--- DATA PROVIDED Enclosed Below ---
(* Let $\mathcal{P}(\mathbb{R}^d)$ denote the set of probability measures on $\mathbb{R}^d$ that are absolutely continuous with respect to Lebesgue measure and admit smooth densities. Let $p=\tilde p/\mathcal{Z}\in\mathcal{P}(\mathbb{R}^d)$ be a target density with $\tilde p:\mathbb{R}^d\to\mathbb{R}_{\ge0}$ continuous and $\mathcal{Z}=\int\tilde p(x)\,\mathrm{d}x$. Fix $\varepsilon_{\text{tr}}>0$, $\varepsilon_{\text{ent}}>0$ and $q_0\in\mathcal{P}(\mathbb{R}^d)$, and for $i\in\mathbb{N}$ consider the iterative scheme $$q_{i+1}=\operatorname*{arg\,min}_{q\in\mathcal{P}(\mathbb{R}^d)} D_{\mathrm{KL}}(q\,\|\,p)\quad\text{s.t.}\quad D_{\mathrm{KL}}(q\,\|\,q_i)\le\varepsilon_{\text{tr}},\quad H(q_i)-H(q)\le\varepsilon_{\text{ent}}$$ (together with the normalization constraint $\int q(x)\,\mathrm{d}x=1$), treated via a Lagrangian with multipliers $\lambda\ge0$ (trust-region constraint) and $\eta\ge0$ (entropy constraint). Then the intermediate optimal densities solving this problem satisfy $$q_{i+1}(x,\lambda,\eta)=\frac{q_i(x)^{\frac{\lambda}{1+\lambda+\eta}}\,\tilde p(x)^{\frac{1}{1+\lambda+\eta}}}{\mathcal{Z}_{i+1}(\lambda,\eta)},\qquad \mathcal{Z}_{i+1}(\lambda,\eta)=\int q_i(x)^{\frac{\lambda}{1+\lambda+\eta}}\,\tilde p(x)^{\frac{1}{1+\lambda+\eta}}\,\mathrm{d}x,$$ where $q_{i+1}$ are the unique optima of the Lagrangian corresponding to this problem.
   Context: $D_{\mathrm{KL}}(q\|r)=\int q(x)\log\frac{q(x)}{r(x)}\,\mathrm{d}x$ is the Kullback–Leibler divergence and $H(q)=-\int q(x)\log q(x)\,\mathrm{d}x$ the Shannon entropy. The Lagrangian is $D_{\mathrm{KL}}(q\|p)+\lambda\big(D_{\mathrm{KL}}(q\|q_i)-\varepsilon_{\text{tr}}\big)+\eta\big(H(q_i)-H(q)-\varepsilon_{\text{ent}}\big)$.
   Formalization: $\mathcal{Z}_{i+1}(\lambda,\eta)$ is also assumed finite, minimisers of the Lagrangian range over densities in $\mathcal{P}(\mathbb{R}^d)$ whose divergence and entropy terms are finite, and the closed form is claimed optimal only when it is such a density. Apart from conventions, each condition added here is assumed in the paper as well or is needed for the statement above to hold. *)

theory Defs
  imports "HOL-Analysis.Analysis"
begin

fun Ck :: "nat \<Rightarrow> ('a::euclidean_space \<Rightarrow> real) \<Rightarrow> bool" where
  "Ck 0 f = continuous_on UNIV f"
| "Ck (Suc k) f = (\<exists>D :: 'a \<Rightarrow> 'a \<Rightarrow> real.
       (\<forall>x. (f has_derivative (\<lambda>h. D h x)) (at x)) \<and> (\<forall>h. Ck k (\<lambda>x. D h x)))"

definition smooth :: "('a::euclidean_space \<Rightarrow> real) \<Rightarrow> bool" where
  "smooth f \<longleftrightarrow> (\<forall>k. Ck k f)"

definition smooth_densities :: "('a::euclidean_space \<Rightarrow> real) set" where
  "smooth_densities = {q. smooth q \<and> (\<forall>x. 0 \<le> q x) \<and>
      integrable lborel q \<and> integral\<^sup>L lborel q = 1}"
--- End of Enclosed DATA PROVIDED ---
**WHAT YOU ARE ASKED TO DO:** Copy all data exactly, start to finish.

**EXPECTED ANSWER:**
(* Let $\mathcal{P}(\mathbb{R}^d)$ denote the set of probability measures on $\mathbb{R}^d$ that are absolutely continuous with respect to Lebesgue measure and admit smooth densities. Let $p=\tilde p/\mathcal{Z}\in\mathcal{P}(\mathbb{R}^d)$ be a target density with $\tilde p:\mathbb{R}^d\to\mathbb{R}_{\ge0}$ continuous and $\mathcal{Z}=\int\tilde p(x)\,\mathrm{d}x$. Fix $\varepsilon_{\text{tr}}>0$, $\varepsilon_{\text{ent}}>0$ and $q_0\in\mathcal{P}(\mathbb{R}^d)$, and for $i\in\mathbb{N}$ consider the iterative scheme $$q_{i+1}=\operatorname*{arg\,min}_{q\in\mathcal{P}(\mathbb{R}^d)} D_{\mathrm{KL}}(q\,\|\,p)\quad\text{s.t.}\quad D_{\mathrm{KL}}(q\,\|\,q_i)\le\varepsilon_{\text{tr}},\quad H(q_i)-H(q)\le\varepsilon_{\text{ent}}$$ (together with the normalization constraint $\int q(x)\,\mathrm{d}x=1$), treated via a Lagrangian with multipliers $\lambda\ge0$ (trust-region constraint) and $\eta\ge0$ (entropy constraint). Then the intermediate optimal densities solving this problem satisfy $$q_{i+1}(x,\lambda,\eta)=\frac{q_i(x)^{\frac{\lambda}{1+\lambda+\eta}}\,\tilde p(x)^{\frac{1}{1+\lambda+\eta}}}{\mathcal{Z}_{i+1}(\lambda,\eta)},\qquad \mathcal{Z}_{i+1}(\lambda,\eta)=\int q_i(x)^{\frac{\lambda}{1+\lambda+\eta}}\,\tilde p(x)^{\frac{1}{1+\lambda+\eta}}\,\mathrm{d}x,$$ where $q_{i+1}$ are the unique optima of the Lagrangian corresponding to this problem.
   Context: $D_{\mathrm{KL}}(q\|r)=\int q(x)\log\frac{q(x)}{r(x)}\,\mathrm{d}x$ is the Kullback–Leibler divergence and $H(q)=-\int q(x)\log q(x)\,\mathrm{d}x$ the Shannon entropy. The Lagrangian is $D_{\mathrm{KL}}(q\|p)+\lambda\big(D_{\mathrm{KL}}(q\|q_i)-\varepsilon_{\text{tr}}\big)+\eta\big(H(q_i)-H(q)-\varepsilon_{\text{ent}}\big)$.
   Formalization: $\mathcal{Z}_{i+1}(\lambda,\eta)$ is also assumed finite, minimisers of the Lagrangian range over densities in $\mathcal{P}(\mathbb{R}^d)$ whose divergence and entropy terms are finite, and the closed form is claimed optimal only when it is such a density. Apart from conventions, each condition added here is assumed in the paper as well or is needed for the statement above to hold. *)

theory Defs
  imports "HOL-Analysis.Analysis"
begin

fun Ck :: "nat \<Rightarrow> ('a::euclidean_space \<Rightarrow> real) \<Rightarrow> bool" where
  "Ck 0 f = continuous_on UNIV f"
| "Ck (Suc k) f = (\<exists>D :: 'a \<Rightarrow> 'a \<Rightarrow> real.
       (\<forall>x. (f has_derivative (\<lambda>h. D h x)) (at x)) \<and> (\<forall>h. Ck k (\<lambda>x. D h x)))"

definition smooth :: "('a::euclidean_space \<Rightarrow> real) \<Rightarrow> bool" where
  "smooth f \<longleftrightarrow> (\<forall>k. Ck k f)"

definition smooth_densities :: "('a::euclidean_space \<Rightarrow> real) set" where
  "smooth_densities = {q. smooth q \<and> (\<forall>x. 0 \<le> q x) \<and>
      integrable lborel q \<and> integral\<^sup>L lborel q = 1}"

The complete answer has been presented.